The comparative case study demonstrates that the profitability of the value chain deteriorates remarkably, if Danish regulations were to be implemented on a Norwegian value chain and vice versa. This is explained by the Norwegian value chain relying on high incomes from the input operation in the form of a waste treatment fee, while the Danish regulation remunerates a high biogas yield through support on the output side.

The difference in support both affects the value chain design and usage of biogas. Incentives for biogas output have been few in Norway, resulting in a large amount of flaring and self-use. In Denmark, this is kept to a minimum.

Overall, the national targets and regulation in both countries are directed towards GHG reduction, though the emission sources are not equally targeted, as the GHG reduction in Denmark is concentrated on CO2 displacement in the energy system and less focused on emission reduction in the agricultural sector. Norway already has renewable electricity supply by hydropower, and therefore, biogas output for electricity and heat is not supported. On the other hand, the transport sector is highly fossil fuel dependent in Norway, which directs the effort to use biogas in this sector.

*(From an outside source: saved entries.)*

lemma power_sum_lower_bound:
  fixes d :: "'a \<Rightarrow> nat" and \<alpha> :: real
  assumes "finite V" "card V \<le> n" "\<And>v. v \<in> V \<Longrightarrow> d v \<le> n"
    and sum_ge: "\<alpha> * real n * (real n - 1) \<le> (\<Sum>v\<in>V. real (d v))"
    and "n \<ge> 2" "0 < \<alpha>"
  shows "(\<alpha>/4) ^ (t+1) * real n ^ (t+1) \<le> (\<Sum>v\<in>V. real (d v) ^ t)"
proof -
  \<comment> \<open>at least \<open>\<alpha> n / 4\<close> vertices have degree at least \<open>\<alpha> n / 4\<close>\<close>
  define D where "D = {v\<in>V. \<alpha>/4 * real n \<le> real (d v)}"
  have "D \<subseteq> V" unfolding D_def by blast
  then have "(\<Sum>v\<in>V. real (d v)) = (\<Sum>v\<in>D. real (d v)) + (\<Sum>v\<in>V-D. real (d v))"
    using assms(1) by (simp add: sum.subset_diff add.commute)
  also have "\<dots> \<le> (\<Sum>v\<in>D. real n) + (\<Sum>v\<in>V-D. \<alpha>/4 * real n)"
    using assms(3) by (intro add_mono sum_mono) (auto simp: D_def)
  also have "\<dots> \<le> real (card D) * real n + real n * (\<alpha>/4 * real n)"
    using card_mono[OF assms(1), of "V - D"] assms(2,6) by (simp add: mult_right_mono)
  finally have "\<alpha> * real n * (real n - 1) \<le> real (card D) * real n + real n * (\<alpha>/4 * real n)"
    using sum_ge by linarith
  moreover have "\<alpha> * real n * (real n / 2) \<le> \<alpha> * real n * (real n - 1)"
    using assms(5,6) by (intro mult_left_mono) auto
  ultimately have "real n * (\<alpha> * real n / 4) \<le> real n * real (card D)"
    by (simp add: algebra_simps)
  then have card_D: "\<alpha> * real n / 4 \<le> real (card D)"
    using assms(5) by simp
  have "(\<alpha>/4) ^ (t+1) * real n ^ (t+1) = (\<alpha> * real n / 4) * (\<alpha>/4 * real n) ^ t"
    by (simp add: field_simps)
  also have "\<dots> \<le> real (card D) * (\<alpha>/4 * real n) ^ t"
    using card_D assms(6) by (intro mult_right_mono) auto
  also have "\<dots> = (\<Sum>v\<in>D. (\<alpha>/4 * real n) ^ t)" by simp
  also have "\<dots> \<le> (\<Sum>v\<in>D. real (d v) ^ t)"
    using assms(6) by (intro sum_mono power_mono) (auto simp: D_def)
  also have "\<dots> \<le> (\<Sum>v\<in>V. real (d v) ^ t)"
    using assms(1) by (intro sum_mono2) (auto simp: D_def)
  finally show ?thesis .
qed

lemma card_small_subsets_le:
  assumes "finite V" "V \<noteq> {}"
  shows "card {S. S \<subseteq> V \<and> card S \<le> r} \<le> (r + 1) * card V ^ r"
proof -
  let ?lists = "{xs. set xs \<subseteq> V \<and> length xs \<le> r}"
  have "{S. S \<subseteq> V \<and> card S \<le> r} \<subseteq> set ` ?lists"
  proof
    fix S assume S: "S \<in> {S. S \<subseteq> V \<and> card S \<le> r}"
    then obtain xs where "set xs = S" "distinct xs"
      using finite_distinct_list[OF finite_subset[OF _ assms(1)]] by blast
    then show "S \<in> set ` ?lists"
      using S distinct_card[of xs] by auto
  qed
  then have "card {S. S \<subseteq> V \<and> card S \<le> r} \<le> card (set ` ?lists)"
    using finite_lists_length_le[OF assms(1)] by (intro card_mono) auto
  also have "\<dots> \<le> card ?lists"
    using finite_lists_length_le[OF assms(1)] by (rule card_image_le)
  also have "\<dots> = (\<Sum>i\<le>r. card V ^ i)" using card_lists_length_le[OF assms(1)] .
  also have "\<dots> \<le> (\<Sum>i\<le>r. card V ^ r)"
    using assms by (intro sum_mono power_increasing) (auto simp: Suc_le_eq card_gt_0_iff)
  finally show ?thesis by simp
qed

lemma sum_pow_card_Pow:
  fixes a :: "'b :: comm_semiring_1"
  assumes "finite E"
  shows "(\<Sum>X\<in>Pow E. a ^ card X) = (a + 1) ^ card E"
  using prod_add[OF assms, of "\<lambda>_. a" "\<lambda>_. 1"] by simp

lemma card_Pow_small_bound:
  fixes a K :: real
  assumes "finite E" "0 < a" "a \<le> 1"
  shows "real (card {X\<in>Pow E. real (card X) < K}) * a powr K \<le> exp (a * real (card E))"
proof -
  let ?small = "{X\<in>Pow E. real (card X) < K}"
  have "real (card ?small) * a powr K = (\<Sum>X\<in>?small. a powr K)" by simp
  also have "\<dots> \<le> (\<Sum>X\<in>?small. a ^ card X)"
    using assms(2,3) by (intro sum_mono) (simp add: powr_mono' flip: powr_realpow)
  also have "\<dots> \<le> (\<Sum>X\<in>Pow E. a ^ card X)"
    using assms by (intro sum_mono2) auto
  also have "\<dots> = (a + 1) ^ card E" using sum_pow_card_Pow[OF assms(1)] .
  also have "\<dots> \<le> exp a ^ card E"
    using assms(2) by (intro power_mono) (auto simp: add.commute exp_ge_add_one_self)
  finally show ?thesis by (simp add: mult.commute flip: exp_of_nat_mult)
qed

section \<open>Families whose pairwise differences contain L\<close>

definition separating_family :: "nat set set \<Rightarrow> nat \<Rightarrow> nat \<Rightarrow> nat set set set \<Rightarrow> bool" where
  "separating_family LE m n \<F> \<longleftrightarrow>
     (\<forall>G\<in>\<F>. \<forall>G'\<in>\<F>. G \<noteq> G' \<longrightarrow> contains_subgraph (sym_diff G G') n m LE)"

lemma finite_all_edges: "finite (all_edges n)"
proof -
  have "all_edges n \<subseteq> Pow {1..n}" unfolding all_edges_def by blast
  then show ?thesis by (rule finite_subset) simp
qed

lemma card_all_edges: "card (all_edges n) = n choose 2"
  unfolding all_edges_def using n_subsets[of "{1..n}" 2] by simp

lemma two_mult_choose_two: "2 * real (n choose 2) = real n * (real n - 1)"
proof -
  have "even (n * (n - 1))" by auto
  then have "2 * (n choose 2) = n * (n - 1)" by (simp add: choose_two)
  then have "2 * real (n choose 2) = real (n * (n - 1))" by (metis of_nat_mult of_nat_numeral)
  then show ?thesis by (cases n) (auto simp: algebra_simps)
qed

lemma graph_on_iff_subset_all_edges: "graph_on {1..n} H \<longleftrightarrow> H \<subseteq> all_edges n"
  unfolding graph_on_def all_edges_def by auto

lemma M_L_eq_Max:
  "M_L LE m n = Max {card \<F> | \<F>. \<F> \<subseteq> Pow (all_edges n) \<and> separating_family LE m n \<F>}"
  unfolding M_L_def separating_family_def ..

lemma finite_separating_family_sizes:
  "finite {card \<F> | \<F>. \<F> \<subseteq> Pow (all_edges n) \<and> separating_family LE m n \<F>}"
proof (rule finite_subset)
  show "{card \<F> | \<F>. \<F> \<subseteq> Pow (all_edges n) \<and> separating_family LE m n \<F>}
      \<subseteq> card ` Pow (Pow (all_edges n))"
    by blast
  show "finite (card ` Pow (Pow (all_edges n)))"
    using finite_all_edges by simp
qed

lemma card_le_M_L:
  assumes "\<F> \<subseteq> Pow (all_edges n)" "separating_family LE m n \<F>"
  shows "card \<F> \<le> M_L LE m n"
  unfolding M_L_eq_Max
  by (rule Max_ge[OF finite_separating_family_sizes]) (use assms in blast)

lemma M_L_attained:
  obtains \<F> where "\<F> \<subseteq> Pow (all_edges n)" "separating_family LE m n \<F>" "card \<F> = M_L LE m n"
proof -
  have "separating_family LE m n {}" unfolding separating_family_def by blast
  then have "card {} \<in> {card \<F> | \<F>. \<F> \<subseteq> Pow (all_edges n) \<and> separating_family LE m n \<F>}"
    by force
  then have "{card \<F> | \<F>. \<F> \<subseteq> Pow (all_edges n) \<and> separating_family LE m n \<F>} \<noteq> {}"
    by blast
  then have "M_L LE m n \<in> {card \<F> | \<F>. \<F> \<subseteq> Pow (all_edges n) \<and> separating_family LE m n \<F>}"
    unfolding M_L_eq_Max by (rule Max_in[OF finite_separating_family_sizes])
  then obtain \<F> where \<F>: "M_L LE m n = card \<F>" "\<F> \<subseteq> Pow (all_edges n)" "separating_family LE m n \<F>"
    by blast
  show ?thesis using that[OF \<F>(2,3) \<F>(1)[symmetric]] .
qed

lemma M_L_le_two_pow: "M_L LE m n \<le> 2 ^ card (all_edges n)"
proof -
  obtain \<F> where \<F>: "\<F> \<subseteq> Pow (all_edges n)" "separating_family LE m n \<F>" "card \<F> = M_L LE m n"
    by (rule M_L_attained)
  then have "card \<F> \<le> card (Pow (all_edges n))"
    by (intro card_mono) (simp_all add: finite_all_edges)
  then show ?thesis using \<F>(3) by (simp add: card_Pow finite_all_edges)
qed

lemma M_L_pos: "0 < M_L LE m n"
proof -
  have "separating_family LE m n {{}}" unfolding separating_family_def by blast
  then show ?thesis using card_le_M_L[of "{{}}" n LE m] by simp
qed

lemma sym_diff_commute: "sym_diff G G' = sym_diff G' G"
  unfolding sym_diff_def by blast

lemma maximum_separating_family_covers:
  assumes "\<F> \<subseteq> Pow (all_edges n)" "separating_family LE m n \<F>" "card \<F> = M_L LE m n"
    and "X \<subseteq> all_edges n"
  obtains G Y where "G \<in> \<F>" "X = sym_diff G Y"
    "Y = {} \<or> Y \<subseteq> all_edges n \<and> \<not> contains_subgraph Y n m LE"
proof (cases "X \<in> \<F>")
  case True
  then show ?thesis using that[of X "{}"] by (simp add: sym_diff_def)
next
  case False
  have "finite \<F>" using assms(1) finite_all_edges by (meson finite_Pow_iff finite_subset)
  then have "card (insert X \<F>) > M_L LE m n" using False assms(3) by simp
  then have "\<not> separating_family LE m n (insert X \<F>)"
    using card_le_M_L[of "insert X \<F>"] assms(1,4) by fastforce
  then obtain G G' where "G \<in> insert X \<F>" "G' \<in> insert X \<F>" "G \<noteq> G'"
    and "\<not> contains_subgraph (sym_diff G G') n m LE"
    unfolding separating_family_def by blast
  then obtain G where "G \<in> \<F>" and G: "\<not> contains_subgraph (sym_diff X G) n m LE"
    using assms(2) sym_diff_commute unfolding separating_family_def by (metis insertE)
  moreover have "X = sym_diff G (sym_diff X G)" "sym_diff X G \<subseteq> all_edges n"
    using assms(1,4) \<open>G \<in> \<F>\<close> unfolding sym_diff_def by auto
  ultimately show ?thesis using that by blast
qed

lemma two_pow_le_M_L_mult:
  "2 ^ card (all_edges n)
     \<le> M_L LE m n * (card {X \<in> Pow (all_edges n). \<not> contains_subgraph X n m LE} + 1)"
proof -
  let ?bad = "{X \<in> Pow (all_edges n). \<not> contains_subgraph X n m LE}"
  obtain \<F> where \<F>: "\<F> \<subseteq> Pow (all_edges n)" "separating_family LE m n \<F>" "card \<F> = M_L LE m n"
    by (rule M_L_attained)
  have fin: "finite \<F>" "finite ?bad"
    using \<F>(1) finite_all_edges by (auto intro: finite_subset)
  have "Pow (all_edges n) \<subseteq> (\<lambda>(G, Y). sym_diff G Y) ` (\<F> \<times> insert {} ?bad)"
  proof
    fix X assume "X \<in> Pow (all_edges n)"
    then obtain G Y where "G \<in> \<F>" "X = sym_diff G Y"
        "Y = {} \<or> Y \<subseteq> all_edges n \<and> \<not> contains_subgraph Y n m LE"
      using maximum_separating_family_covers[OF \<F>] by blast
    then show "X \<in> (\<lambda>(G, Y). sym_diff G Y) ` (\<F> \<times> insert {} ?bad)" by force
  qed
  then have "card (Pow (all_edges n)) \<le> card ((\<lambda>(G, Y). sym_diff G Y) ` (\<F> \<times> insert {} ?bad))"
    using fin by (intro card_mono) auto
  also have "\<dots> \<le> card (\<F> \<times> insert {} ?bad)"
    using fin by (intro card_image_le) auto
  also have "\<dots> \<le> card \<F> * (card ?bad + 1)"
    using fin by (simp add: card_cartesian_product card_insert_if)
  finally show ?thesis using \<F>(3) finite_all_edges by (simp add: card_Pow)
qed

section \<open>Dense graphs contain L\<close>

lemma power_sum_degrees_ge:
  fixes \<alpha> :: real
  assumes "n \<ge> 2" "0 < \<alpha>" "H \<subseteq> all_edges n" "\<alpha> * real (n choose 2) \<le> real (card H)"
  shows "(\<alpha>/4) ^ (t+1) * real n ^ (t+1) \<le> (\<Sum>v\<in>{1..n}. real (card {s\<in>{1..n}. {s, v} \<in> H}) ^ t)"
proof -
  let ?V = "{1..n}"
  let ?deg = "\<lambda>v. card {s\<in>?V. {s, v} \<in> H}"
  have deg_le: "?deg v \<le> n" for v
  proof -
    have "?deg v \<le> card ?V" by (rule card_mono) auto
    then show ?thesis by simp
  qed
  have "graph_on ?V H" using \<open>H \<subseteq> all_edges n\<close> graph_on_iff_subset_all_edges by blast
  have "\<alpha> * real n * (real n - 1) = \<alpha> * (2 * real (n choose 2))"
    by (simp only: two_mult_choose_two mult.assoc)
  also have "\<dots> \<le> (\<Sum>v\<in>?V. real (?deg v))"
    using sum_degrees_eq_twice_card_edges[OF \<open>graph_on ?V H\<close>] assms(4)
    by (simp flip: of_nat_sum)
  finally show ?thesis
    using \<open>n \<ge> 2\<close> \<open>0 < \<alpha>\<close> deg_le by (intro power_sum_lower_bound) auto
qed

Though goals and structural conditions are not completely same for the two countries, they can learn from each other and there are several policy implications based on this comparative assessment. If the main objective is domestic GHG reduction in Denmark, the options for emission reduction on the input side should be equally supported as the fossil fuel reduction in the energy system as this may imply cheaper reductions.

In Denmark, most new biogas plants are upgrading for the natural gas grid, while receiving high support. It could be considered to shift some of this support to the manure treatment, thereby increasing the incentives for GHG reduction and at the same time distributing the support more evenly in the value chain.

The Norwegian support for the transport use of biogas is less than the average support in Denmark, but the input support, gate fee and investment support compensate for this. The development in Norway shows that biogas can and will be used in transport with the right incentives. It could, however, be considered to supplement the tax exemption with a corresponding feed-in premium for upgraded biogas, as direct or indirect support towards the use of biogas can decrease flaring and lead to a more efficient use of the capacity at the plants.

We cannot conclude that one support system is superior to the other, as they are designed to fit different structural conditions and needs; however, it may be possible to increase regulatory efficiency if the countries take inspiration from each other.